» **Task input**:
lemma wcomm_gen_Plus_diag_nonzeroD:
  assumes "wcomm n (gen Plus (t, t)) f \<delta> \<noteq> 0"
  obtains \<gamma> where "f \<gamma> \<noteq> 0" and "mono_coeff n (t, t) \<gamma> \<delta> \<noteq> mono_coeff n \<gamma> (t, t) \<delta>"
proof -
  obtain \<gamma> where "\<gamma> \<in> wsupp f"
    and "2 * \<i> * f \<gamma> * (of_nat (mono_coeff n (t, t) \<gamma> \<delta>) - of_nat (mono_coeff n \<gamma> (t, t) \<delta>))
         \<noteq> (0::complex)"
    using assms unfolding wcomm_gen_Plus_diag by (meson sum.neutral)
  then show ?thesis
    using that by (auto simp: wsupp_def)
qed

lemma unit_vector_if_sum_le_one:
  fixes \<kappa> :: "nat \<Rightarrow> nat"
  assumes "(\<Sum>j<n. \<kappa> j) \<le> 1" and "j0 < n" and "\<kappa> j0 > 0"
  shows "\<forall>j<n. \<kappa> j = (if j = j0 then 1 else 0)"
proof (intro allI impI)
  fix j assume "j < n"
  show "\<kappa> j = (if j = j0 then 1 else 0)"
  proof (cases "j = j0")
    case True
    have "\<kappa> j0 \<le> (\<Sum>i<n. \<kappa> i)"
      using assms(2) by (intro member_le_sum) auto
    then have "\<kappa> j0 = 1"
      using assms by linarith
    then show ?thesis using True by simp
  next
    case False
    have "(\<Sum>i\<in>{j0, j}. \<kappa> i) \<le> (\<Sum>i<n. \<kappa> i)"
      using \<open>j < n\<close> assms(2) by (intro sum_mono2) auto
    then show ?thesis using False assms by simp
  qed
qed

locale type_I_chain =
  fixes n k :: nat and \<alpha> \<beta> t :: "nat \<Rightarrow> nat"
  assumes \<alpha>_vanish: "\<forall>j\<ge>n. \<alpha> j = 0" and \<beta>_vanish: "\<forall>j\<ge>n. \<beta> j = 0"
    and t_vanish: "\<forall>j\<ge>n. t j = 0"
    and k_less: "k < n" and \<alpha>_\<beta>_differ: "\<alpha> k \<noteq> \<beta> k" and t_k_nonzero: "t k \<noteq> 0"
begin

---

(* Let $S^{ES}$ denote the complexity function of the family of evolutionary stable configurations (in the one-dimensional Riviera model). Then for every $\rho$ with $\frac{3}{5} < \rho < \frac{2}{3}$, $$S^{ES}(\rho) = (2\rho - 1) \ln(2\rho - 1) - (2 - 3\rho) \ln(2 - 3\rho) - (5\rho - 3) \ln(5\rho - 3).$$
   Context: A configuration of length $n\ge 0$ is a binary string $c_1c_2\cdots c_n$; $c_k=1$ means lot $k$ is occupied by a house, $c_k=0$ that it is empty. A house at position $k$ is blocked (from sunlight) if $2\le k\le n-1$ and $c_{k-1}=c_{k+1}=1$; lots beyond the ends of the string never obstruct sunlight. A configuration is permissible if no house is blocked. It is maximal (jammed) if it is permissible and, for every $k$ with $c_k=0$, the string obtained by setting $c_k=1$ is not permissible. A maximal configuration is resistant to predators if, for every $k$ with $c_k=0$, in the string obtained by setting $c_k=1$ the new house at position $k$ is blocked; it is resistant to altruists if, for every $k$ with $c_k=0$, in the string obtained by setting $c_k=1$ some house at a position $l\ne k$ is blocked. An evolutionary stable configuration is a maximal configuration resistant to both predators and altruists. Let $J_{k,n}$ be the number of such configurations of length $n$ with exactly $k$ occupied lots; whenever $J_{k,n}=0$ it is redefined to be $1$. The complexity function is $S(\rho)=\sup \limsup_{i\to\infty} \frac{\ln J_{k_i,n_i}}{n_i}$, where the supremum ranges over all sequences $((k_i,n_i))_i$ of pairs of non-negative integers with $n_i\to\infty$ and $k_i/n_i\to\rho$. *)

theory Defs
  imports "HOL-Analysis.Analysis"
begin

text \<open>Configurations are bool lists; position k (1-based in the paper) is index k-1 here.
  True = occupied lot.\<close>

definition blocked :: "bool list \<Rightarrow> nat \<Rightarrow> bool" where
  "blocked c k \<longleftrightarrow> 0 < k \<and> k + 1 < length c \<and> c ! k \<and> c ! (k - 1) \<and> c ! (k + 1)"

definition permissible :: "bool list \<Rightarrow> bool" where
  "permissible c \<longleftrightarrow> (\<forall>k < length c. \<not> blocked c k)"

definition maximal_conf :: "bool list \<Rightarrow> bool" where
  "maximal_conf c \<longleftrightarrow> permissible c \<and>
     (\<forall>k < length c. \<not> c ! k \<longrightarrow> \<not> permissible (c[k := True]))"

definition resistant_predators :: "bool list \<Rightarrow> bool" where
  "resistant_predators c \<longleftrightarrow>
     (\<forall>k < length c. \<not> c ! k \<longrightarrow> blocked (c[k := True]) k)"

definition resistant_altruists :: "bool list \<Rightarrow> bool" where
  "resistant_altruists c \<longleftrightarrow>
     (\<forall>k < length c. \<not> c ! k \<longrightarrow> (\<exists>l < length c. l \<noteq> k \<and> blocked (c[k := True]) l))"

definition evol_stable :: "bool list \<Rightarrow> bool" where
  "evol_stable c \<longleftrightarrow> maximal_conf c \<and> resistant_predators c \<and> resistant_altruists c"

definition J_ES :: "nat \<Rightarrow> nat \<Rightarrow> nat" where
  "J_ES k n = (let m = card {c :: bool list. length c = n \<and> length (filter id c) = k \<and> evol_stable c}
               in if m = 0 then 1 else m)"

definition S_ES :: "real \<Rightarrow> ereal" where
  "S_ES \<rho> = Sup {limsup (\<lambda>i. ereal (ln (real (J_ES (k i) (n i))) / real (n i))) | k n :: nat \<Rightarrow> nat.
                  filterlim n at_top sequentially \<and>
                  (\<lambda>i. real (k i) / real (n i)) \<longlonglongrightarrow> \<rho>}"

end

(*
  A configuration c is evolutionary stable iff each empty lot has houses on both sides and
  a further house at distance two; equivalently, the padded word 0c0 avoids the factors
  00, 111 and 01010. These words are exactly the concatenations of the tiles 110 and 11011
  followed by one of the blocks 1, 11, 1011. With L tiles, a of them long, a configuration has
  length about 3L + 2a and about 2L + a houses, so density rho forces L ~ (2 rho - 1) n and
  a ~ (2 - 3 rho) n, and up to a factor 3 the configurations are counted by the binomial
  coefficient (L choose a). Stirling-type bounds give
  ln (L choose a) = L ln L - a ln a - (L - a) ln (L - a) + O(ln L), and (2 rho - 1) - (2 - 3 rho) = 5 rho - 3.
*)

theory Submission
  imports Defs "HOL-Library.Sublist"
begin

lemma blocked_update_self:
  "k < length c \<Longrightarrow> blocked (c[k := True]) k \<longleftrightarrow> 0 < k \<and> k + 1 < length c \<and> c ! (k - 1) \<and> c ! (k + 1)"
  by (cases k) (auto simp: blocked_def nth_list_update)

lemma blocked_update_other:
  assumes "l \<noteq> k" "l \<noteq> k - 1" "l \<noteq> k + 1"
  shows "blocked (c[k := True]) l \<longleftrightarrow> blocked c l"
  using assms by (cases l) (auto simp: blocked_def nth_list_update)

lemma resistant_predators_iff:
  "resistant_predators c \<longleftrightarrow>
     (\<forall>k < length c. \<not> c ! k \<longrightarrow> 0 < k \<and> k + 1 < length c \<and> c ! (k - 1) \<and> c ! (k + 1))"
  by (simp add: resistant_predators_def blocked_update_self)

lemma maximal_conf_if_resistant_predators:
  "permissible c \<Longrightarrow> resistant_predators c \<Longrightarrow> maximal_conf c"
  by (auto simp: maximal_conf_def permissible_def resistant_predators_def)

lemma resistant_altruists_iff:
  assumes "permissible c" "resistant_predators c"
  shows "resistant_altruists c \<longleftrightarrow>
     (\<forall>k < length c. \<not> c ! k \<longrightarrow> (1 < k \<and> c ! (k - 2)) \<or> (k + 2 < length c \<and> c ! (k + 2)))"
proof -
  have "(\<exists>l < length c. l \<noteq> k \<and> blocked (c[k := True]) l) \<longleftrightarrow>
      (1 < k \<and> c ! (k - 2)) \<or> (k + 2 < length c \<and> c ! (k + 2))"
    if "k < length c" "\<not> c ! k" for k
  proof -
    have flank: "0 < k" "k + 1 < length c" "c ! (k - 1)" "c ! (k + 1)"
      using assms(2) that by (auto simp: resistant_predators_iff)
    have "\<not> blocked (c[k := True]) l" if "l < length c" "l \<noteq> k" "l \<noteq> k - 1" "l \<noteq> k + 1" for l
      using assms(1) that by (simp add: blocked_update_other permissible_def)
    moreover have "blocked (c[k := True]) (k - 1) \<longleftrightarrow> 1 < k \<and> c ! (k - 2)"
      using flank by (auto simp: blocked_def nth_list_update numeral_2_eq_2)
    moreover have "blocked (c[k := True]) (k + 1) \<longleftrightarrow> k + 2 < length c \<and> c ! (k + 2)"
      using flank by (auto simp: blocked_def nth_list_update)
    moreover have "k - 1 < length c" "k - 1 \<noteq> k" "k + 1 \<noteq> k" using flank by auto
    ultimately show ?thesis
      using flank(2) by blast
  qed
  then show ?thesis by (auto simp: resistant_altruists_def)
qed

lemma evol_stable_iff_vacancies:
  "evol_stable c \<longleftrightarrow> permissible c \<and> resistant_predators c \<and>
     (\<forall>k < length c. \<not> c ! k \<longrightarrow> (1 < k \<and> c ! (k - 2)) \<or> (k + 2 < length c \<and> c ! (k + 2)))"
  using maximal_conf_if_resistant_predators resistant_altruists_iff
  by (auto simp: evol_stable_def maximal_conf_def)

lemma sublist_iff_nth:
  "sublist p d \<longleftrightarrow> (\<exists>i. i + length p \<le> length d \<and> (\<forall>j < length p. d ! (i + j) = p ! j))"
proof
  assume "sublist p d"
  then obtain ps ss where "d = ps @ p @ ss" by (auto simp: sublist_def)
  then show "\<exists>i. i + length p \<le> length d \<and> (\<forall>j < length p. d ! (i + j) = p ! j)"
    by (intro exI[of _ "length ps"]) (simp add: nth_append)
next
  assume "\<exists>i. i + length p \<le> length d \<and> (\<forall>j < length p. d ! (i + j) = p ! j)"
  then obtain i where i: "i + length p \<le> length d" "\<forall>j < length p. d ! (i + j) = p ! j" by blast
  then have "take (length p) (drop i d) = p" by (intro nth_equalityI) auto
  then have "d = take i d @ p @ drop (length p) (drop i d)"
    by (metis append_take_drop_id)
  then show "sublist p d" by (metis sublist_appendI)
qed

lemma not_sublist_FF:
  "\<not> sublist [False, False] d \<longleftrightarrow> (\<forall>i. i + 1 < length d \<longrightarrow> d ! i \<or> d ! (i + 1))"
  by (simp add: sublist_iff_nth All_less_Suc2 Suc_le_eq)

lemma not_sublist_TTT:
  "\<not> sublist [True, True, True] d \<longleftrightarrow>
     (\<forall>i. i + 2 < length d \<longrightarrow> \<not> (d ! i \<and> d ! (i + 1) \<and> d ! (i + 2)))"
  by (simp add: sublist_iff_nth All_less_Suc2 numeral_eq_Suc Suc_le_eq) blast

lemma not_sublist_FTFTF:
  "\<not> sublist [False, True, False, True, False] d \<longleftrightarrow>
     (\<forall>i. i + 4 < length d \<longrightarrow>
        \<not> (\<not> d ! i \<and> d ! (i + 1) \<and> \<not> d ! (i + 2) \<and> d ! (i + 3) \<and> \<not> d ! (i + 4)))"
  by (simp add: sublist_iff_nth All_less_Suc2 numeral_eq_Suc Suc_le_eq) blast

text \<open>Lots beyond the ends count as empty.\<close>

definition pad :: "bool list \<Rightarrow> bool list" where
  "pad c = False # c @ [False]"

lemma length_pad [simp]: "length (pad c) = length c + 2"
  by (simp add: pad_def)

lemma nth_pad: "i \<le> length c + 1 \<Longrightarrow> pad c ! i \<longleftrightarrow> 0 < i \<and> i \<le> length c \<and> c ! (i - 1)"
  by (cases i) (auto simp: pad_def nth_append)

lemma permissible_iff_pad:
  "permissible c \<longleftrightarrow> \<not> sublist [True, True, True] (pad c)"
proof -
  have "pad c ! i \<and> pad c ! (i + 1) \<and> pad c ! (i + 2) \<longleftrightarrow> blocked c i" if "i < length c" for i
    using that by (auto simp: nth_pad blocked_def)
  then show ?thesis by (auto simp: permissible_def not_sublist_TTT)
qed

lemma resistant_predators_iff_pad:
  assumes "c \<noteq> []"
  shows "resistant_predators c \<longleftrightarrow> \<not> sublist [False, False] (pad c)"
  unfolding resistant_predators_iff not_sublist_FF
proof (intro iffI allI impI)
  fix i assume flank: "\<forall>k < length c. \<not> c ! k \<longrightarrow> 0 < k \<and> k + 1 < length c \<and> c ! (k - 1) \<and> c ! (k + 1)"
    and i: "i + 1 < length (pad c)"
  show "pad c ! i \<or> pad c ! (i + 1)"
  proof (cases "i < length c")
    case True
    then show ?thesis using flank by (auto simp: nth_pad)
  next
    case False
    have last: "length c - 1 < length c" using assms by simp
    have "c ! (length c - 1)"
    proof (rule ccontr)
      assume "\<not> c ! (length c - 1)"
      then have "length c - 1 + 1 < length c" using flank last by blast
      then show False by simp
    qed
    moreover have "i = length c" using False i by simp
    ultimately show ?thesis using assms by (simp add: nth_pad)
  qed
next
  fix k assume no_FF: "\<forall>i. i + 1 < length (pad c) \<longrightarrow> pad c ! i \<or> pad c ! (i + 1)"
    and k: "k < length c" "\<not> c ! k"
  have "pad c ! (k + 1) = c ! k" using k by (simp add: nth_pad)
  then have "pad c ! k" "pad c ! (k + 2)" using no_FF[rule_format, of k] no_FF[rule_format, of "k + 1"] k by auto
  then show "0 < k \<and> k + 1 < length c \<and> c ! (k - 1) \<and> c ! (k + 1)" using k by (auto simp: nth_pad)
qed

» **Task to complete**:
The word "open" appears in some of the lines above. Copy those lines.

» **Answer space**:
      using \<open>j < n\<close> assms(2) by (intro sum_mono2) auto
text \<open>Configurations are bool lists; position k (1-based in the paper) is index k-1 here.
text \<open>Lots beyond the ends count as empty.\<close>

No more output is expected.